He was born in Hillsboro, Kansas to Horace Bigelow Griffen, Sr., a mail carrier and his wife. His family moved to Tempe, Arizona during his infancy.

Griffen attended Tempe Normal School, which later became Arizona State University, where he played baseball for the school as an outfielder in 1912 and as first baseman in 1913 and 1914. In 1914, he was also the head coach of the school baseball team, coaching them to a 6–5 record. That same year, he was signed by the Milwaukee Brewers of the American Association before being called up as a professional baseball player on the Chicago White Sox for two months, describing his time there as having "warmed the bench". Despite not playing in any professional games, he was noted as having been an "ASU legend" for being "the first player from the school to sign a contract with a major league club".
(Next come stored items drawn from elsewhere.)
text \<open>Real case: additionally x_i = x_i^*.\<close>
definition self_adjoint_gens :: "('a \<Rightarrow> 'a) \<Rightarrow> nat \<Rightarrow> (nat \<Rightarrow> 'a) \<Rightarrow> bool" where
  "self_adjoint_gens star N x \<longleftrightarrow> (\<forall>i\<in>{1..N}. star (x i) = x i)"

text \<open>Relations defining the subspaces S_{C,x}, S_{C,**}, S_{R,*}.\<close>
definition rel_times :: "('a \<Rightarrow> 'a) \<Rightarrow> nat \<Rightarrow> (nat \<Rightarrow> 'a::times) \<Rightarrow> bool" where
  "rel_times star N x \<longleftrightarrow>
     (\<forall>a\<in>x ` {1..N}. \<forall>b\<in>x ` {1..N}. \<forall>c\<in>x ` {1..N}. a * star b * c = c * star b * a)"

definition rel_starstar :: "('a \<Rightarrow> 'a) \<Rightarrow> nat \<Rightarrow> (nat \<Rightarrow> 'a::times) \<Rightarrow> bool" where
  "rel_starstar star N x \<longleftrightarrow>
     (let G = x ` {1..N} \<union> star ` x ` {1..N} in
      \<forall>a\<in>G. \<forall>b\<in>G. \<forall>c\<in>G. a * b * c = c * b * a)"

definition rel_realstar :: "nat \<Rightarrow> (nat \<Rightarrow> 'a::times) \<Rightarrow> bool" where
  "rel_realstar N x \<longleftrightarrow>
     (\<forall>a\<in>x ` {1..N}. \<forall>b\<in>x ` {1..N}. \<forall>c\<in>x ` {1..N}. a * b * c = c * b * a)"

definition left_proj :: "(complex \<Rightarrow> 'a \<Rightarrow> 'a) \<Rightarrow> ('a \<Rightarrow> 'a) \<Rightarrow> nat \<Rightarrow> (nat \<Rightarrow> 'a::{real_normed_algebra_1,banach}) \<Rightarrow> 'a set" where
  "left_proj cscale star N x = cstar_subalg cscale star {x i * star (x j) | i j. i \<in> {1..N} \<and> j \<in> {1..N}}"

definition right_proj :: "(complex \<Rightarrow> 'a \<Rightarrow> 'a) \<Rightarrow> ('a \<Rightarrow> 'a) \<Rightarrow> nat \<Rightarrow> (nat \<Rightarrow> 'a::{real_normed_algebra_1,banach}) \<Rightarrow> 'a set" where
  "right_proj cscale star N x = cstar_subalg cscale star {star (x j) * x i | i j. i \<in> {1..N} \<and> j \<in> {1..N}}"

definition full_proj :: "(complex \<Rightarrow> 'a \<Rightarrow> 'a) \<Rightarrow> ('a \<Rightarrow> 'a) \<Rightarrow> nat \<Rightarrow> (nat \<Rightarrow> 'a::{real_normed_algebra_1,banach}) \<Rightarrow> 'a set" where
  "full_proj cscale star N x = cstar_subalg cscale star
     ({x i * star (x j) | i j. i \<in> {1..N} \<and> j \<in> {1..N}} \<union>
      {star (x j) * x i | i j. i \<in> {1..N} \<and> j \<in> {1..N}})"

definition left_half_classical where
  "left_half_classical cscale star N x \<longleftrightarrow> commutative_set (left_proj cscale star N x)"
definition right_half_classical where
  "right_half_classical cscale star N x \<longleftrightarrow> commutative_set (right_proj cscale star N x)"
definition fully_half_classical where
  "fully_half_classical cscale star N x \<longleftrightarrow> commutative_set (full_proj cscale star N x)"

end

theory Submission
  imports Defs
begin

text \<open>A star-closed set of generators is commutative iff the C*-algebra it generates is,
  because the commutant of a star-closed set is itself a C*-subalgebra. Hence each
  half-classicality condition only concerns the products \<open>p\<^sub>i\<^sub>j = x\<^sub>i x\<^sub>j\<^sup>*\<close>, \<open>q\<^sub>i\<^sub>j = x\<^sub>j\<^sup>* x\<^sub>i\<close>.
  Commutation of these products follows from relations of the form \<open>abc = cba\<close> by
  regrouping; conversely, inserting \<open>\<Sum>\<^sub>m x\<^sub>m\<^sup>* x\<^sub>m = 1\<close> and \<open>\<Sum>\<^sub>m x\<^sub>m x\<^sub>m\<^sup>* = 1\<close> turns commutation
  of the \<open>p\<close>'s and of the \<open>q\<close>'s back into \<open>x\<^sub>i x\<^sub>j\<^sup>* x\<^sub>k = x\<^sub>k x\<^sub>j\<^sup>* x\<^sub>i\<close>.\<close>

lemma cstar_subalg_generators: "S \<subseteq> cstar_subalg cs st S"
  unfolding cstar_subalg_def by blast

lemma cstar_subalg_least:
  assumes "S \<subseteq> B" "closed B" "\<forall>a\<in>B. \<forall>b\<in>B. a + b \<in> B \<and> a * b \<in> B"
    "\<forall>c. \<forall>a\<in>B. cs c a \<in> B" "\<forall>a\<in>B. st a \<in> B"
  shows "cstar_subalg cs st S \<subseteq> B"
  unfolding cstar_subalg_def using assms by (intro Inter_lower) blast

lemma cstar_subalg_star: "a \<in> cstar_subalg cs st S \<Longrightarrow> st a \<in> cstar_subalg cs st S"
  unfolding cstar_subalg_def by blast

lemma commutative_set_subset: "commutative_set B \<Longrightarrow> A \<subseteq> B \<Longrightarrow> commutative_set A"
  unfolding commutative_set_def by blast

lemma closed_commutant:
  fixes T :: "'a::real_normed_algebra set"
  shows "closed {a. \<forall>t\<in>T. a * t = t * a}"
proof -
  have "{a. \<forall>t\<in>T. a * t = t * a} = (\<Inter>t\<in>T. {a. a * t = t * a})" by blast
  moreover have "closed {a::'a. a * t = t * a}" for t
    by (intro closed_Collect_eq continuous_intros)
  ultimately show ?thesis by auto
qed

context cstar_algebra
begin

lemma cstar_subalg_commutant:
  assumes "\<forall>t\<in>T. star t \<in> T" and "S \<subseteq> {a. \<forall>t\<in>T. a * t = t * a}"
  shows "cstar_subalg cscale star S \<subseteq> {a. \<forall>t\<in>T. a * t = t * a}"
proof (rule cstar_subalg_least[OF assms(2) closed_commutant], safe)
  fix a t assume a: "\<forall>t\<in>T. a * t = t * a" and t: "t \<in> T"
  then have "a * star t = star t * a" using assms(1) by blast
  then have "star (a * star t) = star (star t * a)" by simp
  then show "star a * t = t * star a" by (simp add: star_mult star_star)
qed (auto simp: distrib_left distrib_right cscale_left[symmetric] cscale_right[symmetric]
  mult.assoc[symmetric], metis mult.assoc)

lemma commutative_cstar_subalg_iff:
  assumes "\<forall>a\<in>S. star a \<in> S"
  shows "commutative_set (cstar_subalg cscale star S) \<longleftrightarrow> commutative_set S"
proof
  assume "commutative_set S"
  then have "cstar_subalg cscale star S \<subseteq> {a. \<forall>t\<in>S. a * t = t * a}"
    using assms unfolding commutative_set_def by (intro cstar_subalg_commutant) auto
  then have "S \<subseteq> {a. \<forall>t\<in>cstar_subalg cscale star S. a * t = t * a}" by auto
  then have "cstar_subalg cscale star S
      \<subseteq> {a. \<forall>t\<in>cstar_subalg cscale star S. a * t = t * a}"
    using cstar_subalg_star by (intro cstar_subalg_commutant) blast+
  then show "commutative_set (cstar_subalg cscale star S)"
    unfolding commutative_set_def by blast
qed (rule commutative_set_subset[OF _ cstar_subalg_generators])

lemma star_closed_left_gens:
  "\<forall>a\<in>{x i * star (x j) | i j. i \<in> I \<and> j \<in> I}. star a \<in> {x i * star (x j) | i j. i \<in> I \<and> j \<in> I}"
  by (auto simp: star_mult star_star) blast

lemma star_closed_right_gens:
  "\<forall>a\<in>{star (x j) * x i | i j. i \<in> I \<and> j \<in> I}. star a \<in> {star (x j) * x i | i j. i \<in> I \<and> j \<in> I}"
  by (auto simp: star_mult star_star) blast
definition is_zadoff_chu :: "int \<Rightarrow> (int \<Rightarrow> complex) \<Rightarrow> bool" where
  "is_zadoff_chu N s \<longleftrightarrow> (\<exists>u l. gcd u N = 1 \<and> (\<forall>k\<in>{0..<N}. s k = zc_seq N u l k))"

definition perm_poly :: "int \<Rightarrow> int poly \<Rightarrow> bool" where
  "perm_poly N p \<longleftrightarrow> bij_betw (\<lambda>k. poly p k mod N) {0..<N} {0..<N}"

definition perm_of_poly :: "int \<Rightarrow> int poly \<Rightarrow> int \<Rightarrow> int" where
  "perm_of_poly N p k = poly p k mod N"

definition inv_perm_of_poly :: "int \<Rightarrow> int poly \<Rightarrow> int \<Rightarrow> int" where
  "inv_perm_of_poly N p = inv_into {0..<N} (perm_of_poly N p)"

definition autocorr :: "int \<Rightarrow> (int \<Rightarrow> complex) \<Rightarrow> int \<Rightarrow> complex" where
  "autocorr N y d = (\<Sum>k\<in>{0..<N}. y k * cnj (y ((k + d) mod N)))"

definition is_CAZAC :: "int \<Rightarrow> (int \<Rightarrow> complex) \<Rightarrow> bool" where
  "is_CAZAC N y \<longleftrightarrow> (\<forall>k\<in>{0..<N}. cmod (y k) = 1) \<and> (\<forall>d. 0 < d \<and> d < N \<longrightarrow> autocorr N y d = 0)"

end

theory Submission
  imports Defs "HOL-Computational_Algebra.Factorial_Ring" "HOL-Combinatorics.Cycles"
begin

(* Write y = s o pi. As N is even, the Zadoff-Chu phase of an index a is, up to a constant factor,
   zeta^(-u (a + l)^2) with zeta = exp(pi i / N) a primitive 2N-th root of unity, and this depends
   on a only modulo N. Hence, with Q = pi + l, y(k) conj(y(k + d)) = zeta^(u (Q(k + d)^2 - Q(k)^2)).

   A permutation polynomial modulo 2^n (n >= 2) has odd derivative values and odd unit differences,
   so Q(x + 2^v q) - Q(x) is 2^v times an odd number whenever q is odd. Writing 0 < d < N as 2^v q
   and taking t = 2^(n - 1 - v), the second difference of Q with steps d and t vanishes modulo N,
   while the product of the two first differences is N/2 times an odd number; therefore the second
   difference of Q^2 is N modulo 2N. Shifting k by t thus negates every term of the autocorrelation
   sum, which must vanish.

   For (ii): the inverse of a permutation of a finite set is one of its powers, and the powers of
   k -> pi(k) mod N are induced by the iterated compositions of pi, which are again permutation
   polynomials. *)

section \<open>Differences of integer polynomials\<close>

lemma poly_diff_dvd:
  fixes P :: "'a::comm_ring_1 poly"
  shows "(x - y) dvd (poly P x - poly P y)"
proof (induct P)
  case (pCons c R)
  have "poly (pCons c R) x - poly (pCons c R) y = (x - y) * poly R x + y * (poly R x - poly R y)"
    by (simp add: algebra_simps)
  with pCons show ?case
    by (simp add: dvd_add)
qed simp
Shortly after graduating from college, he joined the military in World War I. during which he served for three years in the Quartermaster Corps. Griffen was "one of the first to volunteer for service from the Salt River valley". He joined the First Engineers and "went overseas with the first contingent of American troops", deploying in France. He served throughout American involvement in the war, and was promoted to corporal in 1917, and to sergeant in 1918. He wrote regular correspondences from the war, which were published at home, noting that he had seen a matchbox taken as a trophy inscribed "Got Mitt Uns 1916-17", and quipping that "[a]pparently the German, too, realizes that God, if he ever was with them, left them in 1918". He noted in the same piece that he had "seen war in all its horrors", but that there was "a spirit of desire to make amends for all the wrongs the enemy has done".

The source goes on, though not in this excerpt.